### Problem:
Your answer needs to include each line of the records in which the string "from" can be found.

### Dataset content:
(* Let $m,n\geqslant1$, $N\geqslant1$ and $(\mu,\nu)\in\Lambda_{m,n}(N)$. For every tensor $T\in V^{m,n}$ lying in the $GL(N)$-isotypic component of type $U^{(\mu,\nu)}$, $$\mathscr{C}_{m,n}(T)=\big(c(\mu)+c(\nu)+N|\nu|\big)T.$$
   Context: $V$ is an $N$-dimensional complex vector space with basis $\{e_i\}$, dual basis $\{e^i\}$; $V^{m,n}=V^{\otimes m}\otimes V^{*\otimes n}$ with the diagonal $GL(N)$-action (contragredient on $V^*$). $\tau_{ab}$ ($1\leqslant a<b\leqslant m$) swaps the $a$-th and $b$-th $V$-factors, $\tau_{a'b'}$ swaps $V^*$-factors; $\mathscr{L}_m=\sum_{a<b}\tau_{ab}$ (zero if $m<2$), $\mathscr{R}_n=\sum_{a'<b'}\tau_{a'b'}$ (zero if $n<2$). $\tau_{ab'}$ contracts the $a$-th $V$-factor with the $b'$-th $V^*$-factor and inserts $\sum_ke_k\otimes e^k$ in these positions; $\mathscr{A}_{m,n}=\sum_{a,b'}\tau_{ab'}$ and $\mathscr{C}_{m,n}=\mathscr{L}_m+\mathscr{R}_n-\mathscr{A}_{m,n}+Nn$. For a partition $\alpha$, $|\alpha|$ is its size and its content is $c(\alpha)=\sum_{(i,j)\in\alpha}(j-i)$ over boxes (row $i$, column $j$) of its Young diagram. $\Lambda_{m,n}(N)=\bigcup_{r=0}^{\min(m,n)}\Lambda^{(r)}_{m,n}(N)$ where $\Lambda^{(r)}_{m,n}(N)$ is the set of pairs of partitions $(\mu,\nu)$ with $m-|\mu|=n-|\nu|=r$ and $\ell(\mu)+\ell(\nu)\leqslant N$. $U^{(\mu,\nu)}$ is the irreducible rational representation of $GL(N)$ with highest weight $(\mu_1,\dots,\mu_{\ell(\mu)},0,\dots,0,-\nu_{\ell(\nu)},\dots,-\nu_1)$. The isotypic component of type $U^{(\mu,\nu)}$ is the sum of all $GL(N)$-subrepresentations of $V^{m,n}$ isomorphic to $U^{(\mu,\nu)}$. *)

theory Defs
  imports Complex_Main
begin
definition lattice_area :: "real^2 \<Rightarrow> real^2 \<Rightarrow> real" where
  "lattice_area v1 v2 = \<bar>cross2 v1 v2\<bar>"

definition lattice_mindist :: "(real^2) set \<Rightarrow> real" where
  "lattice_mindist L = Inf {dist P Q | P Q. P \<in> L \<and> Q \<in> L \<and> P \<noteq> Q}"

(* signed curvature of a parametrized plane curve with velocity g1 t and acceleration g2 t *)
definition curvature :: "(real \<Rightarrow> real^2) \<Rightarrow> (real \<Rightarrow> real^2) \<Rightarrow> real \<Rightarrow> real" where
  "curvature g1 g2 t = cross2 (g1 t) (g2 t) / norm (g1 t) ^ 3"

end

(*
  For lattice points Q1, Q2, Q3 the quantity |cross2 (Q2 - Q1) (Q3 - Q1)| is an integer multiple
  of A_L, so three such points are either collinear or span a doubled area of at least A_L.

  If the points are within delta of the arc at parameters t1 <= t2 <= t3 with arclength gaps A and
  B, the doubled area is below L^3/(8 R1) + 2 L delta + 3 delta^2: the tangent turns at rate at most
  1/R1 per unit length, so the arc points span a doubled area of at most A B (A + B) / (2 R1), and
  moving each vertex by less than delta adds the remaining terms.

  In the collinear case the middle point has neighbours at distance at least d_L on either side
  along the line. As the radius of curvature is at most R2 and the tangent turns by at most pi, the
  arc lies in the disk of radius R2 tangent to it at any of its points (its support function is
  dominated by that of the circle). At the arc point near the middle lattice point, one neighbour
  lies on the side away from the centre of this disk. A chord towards the arc near that neighbour
  would be longer than d_L - 2 delta while deviating from the line by less than 2 delta, which the
  disk excludes as soon as 4 R2 delta < (d_L - 2 delta)^2; this is what the bound on delta says.
*)
theory Submission
  imports Defs
begin
lemma dx_at_raised_even_var:
  fixes u :: "'n::{finite,linorder} elt"
  assumes vanish: "\<And>m. (Suc N, a) \<in> mono_vars m \<Longrightarrow> u m = (\<lambda>_. 0)" and "N \<noteq> 0"
  shows "dx U u (add_mset (Suc N, a) E, S) x = of_nat (count E (N, a) + 1) * u (add_mset (N, a) E, S) x"
proof -
  let ?E = "add_mset (Suc N, a) E"
  have odd_part: "(\<Sum>v\<in>{v. (Suc (fst v), snd v) \<in> S}.
      osign S (Suc (fst v), snd v) * dOdd (fst v) (snd v) u (?E, S - {(Suc (fst v), snd v)}) x) = 0"
    by (intro sum.neutral) (auto simp: dOdd_def vanish mono_vars_def)
  have other_terms: "dEven U (fst v) (snd v) u (?E - {#(Suc (fst v), snd v)#}, S) x = 0"
    if "v \<noteq> (N, a)" for v
  proof -
    have "(Suc N, a) \<in># ?E - {#(Suc (fst v), snd v)#}"
      using that by (cases v) (simp add: diff_union_swap[symmetric])
    then show ?thesis
      by (auto simp: dEven_def vanish mono_vars_def)
  qed
  have "finite {v. (Suc (fst v), snd v) \<in># ?E}"
    using finite_lower_level[of "set_mset ?E"] by simp
  then have even_part: "(\<Sum>v\<in>{v. (Suc (fst v), snd v) \<in># ?E}.
      dEven U (fst v) (snd v) u (?E - {#(Suc (fst v), snd v)#}, S) x) = dEven U N a u (E, S) x"
    by (subst sum.mono_neutral_right[where S = "{(N, a)}"]) (use other_terms in auto)
  show ?thesis
    unfolding dx_def using \<open>N \<noteq> 0\<close>
    by (simp only: prod.case odd_part even_part) (simp add: dEven_def)
qed

lemma dx_at_raised_odd_var:
  fixes u :: "'n::{finite,linorder} elt"
  assumes vanish: "\<And>m. (Suc N, a) \<in> mono_vars m \<Longrightarrow> u m = (\<lambda>_. 0)"
    and "finite S" "(N, a) \<notin> S" "(Suc N, a) \<notin> S"
  shows "dx U u (E, insert (Suc N, a) S) x
    = osign (insert (Suc N, a) S) (Suc N, a) * osign S (N, a) * u (E, insert (N, a) S) x"
proof -
  let ?S = "insert (Suc N, a) S"
  have even_part: "(\<Sum>v\<in>{v. (Suc (fst v), snd v) \<in># E}.
      dEven U (fst v) (snd v) u (E - {#(Suc (fst v), snd v)#}, ?S) x) = 0"
    by (intro sum.neutral) (auto simp: dEven_def vanish mono_vars_def)
  have other_terms: "osign ?S (Suc (fst v), snd v) * dOdd (fst v) (snd v) u (E, ?S - {(Suc (fst v), snd v)}) x = 0"
    if "v \<noteq> (N, a)" for v
  proof -
    have "(Suc N, a) \<in> insert v (?S - {(Suc (fst v), snd v)})"
      using that by (cases v) auto
    then show ?thesis
      by (cases v) (auto simp: dOdd_def vanish mono_vars_def)
  qed
  have "finite {v. (Suc (fst v), snd v) \<in> ?S}"
    using finite_lower_level \<open>finite S\<close> by blast
  then have odd_part: "(\<Sum>v\<in>{v. (Suc (fst v), snd v) \<in> ?S}.
      osign ?S (Suc (fst v), snd v) * dOdd (fst v) (snd v) u (E, ?S - {(Suc (fst v), snd v)}) x)
      = osign ?S (Suc N, a) * dOdd N a u (E, S) x"
    using \<open>(Suc N, a) \<notin> S\<close>
    by (subst sum.mono_neutral_right[where S = "{(N, a)}"]) (use other_terms in auto)
  show ?thesis
    unfolding dx_def using \<open>(N, a) \<notin> S\<close>
    by (simp only: prod.case even_part odd_part) (simp add: dOdd_def)
qed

### Response to the exercise:
  lies on the side away from the centre of this disk. A chord towards the arc near that neighbour
  would be longer than d_L - 2 delta while deviating from the line by less than 2 delta, which the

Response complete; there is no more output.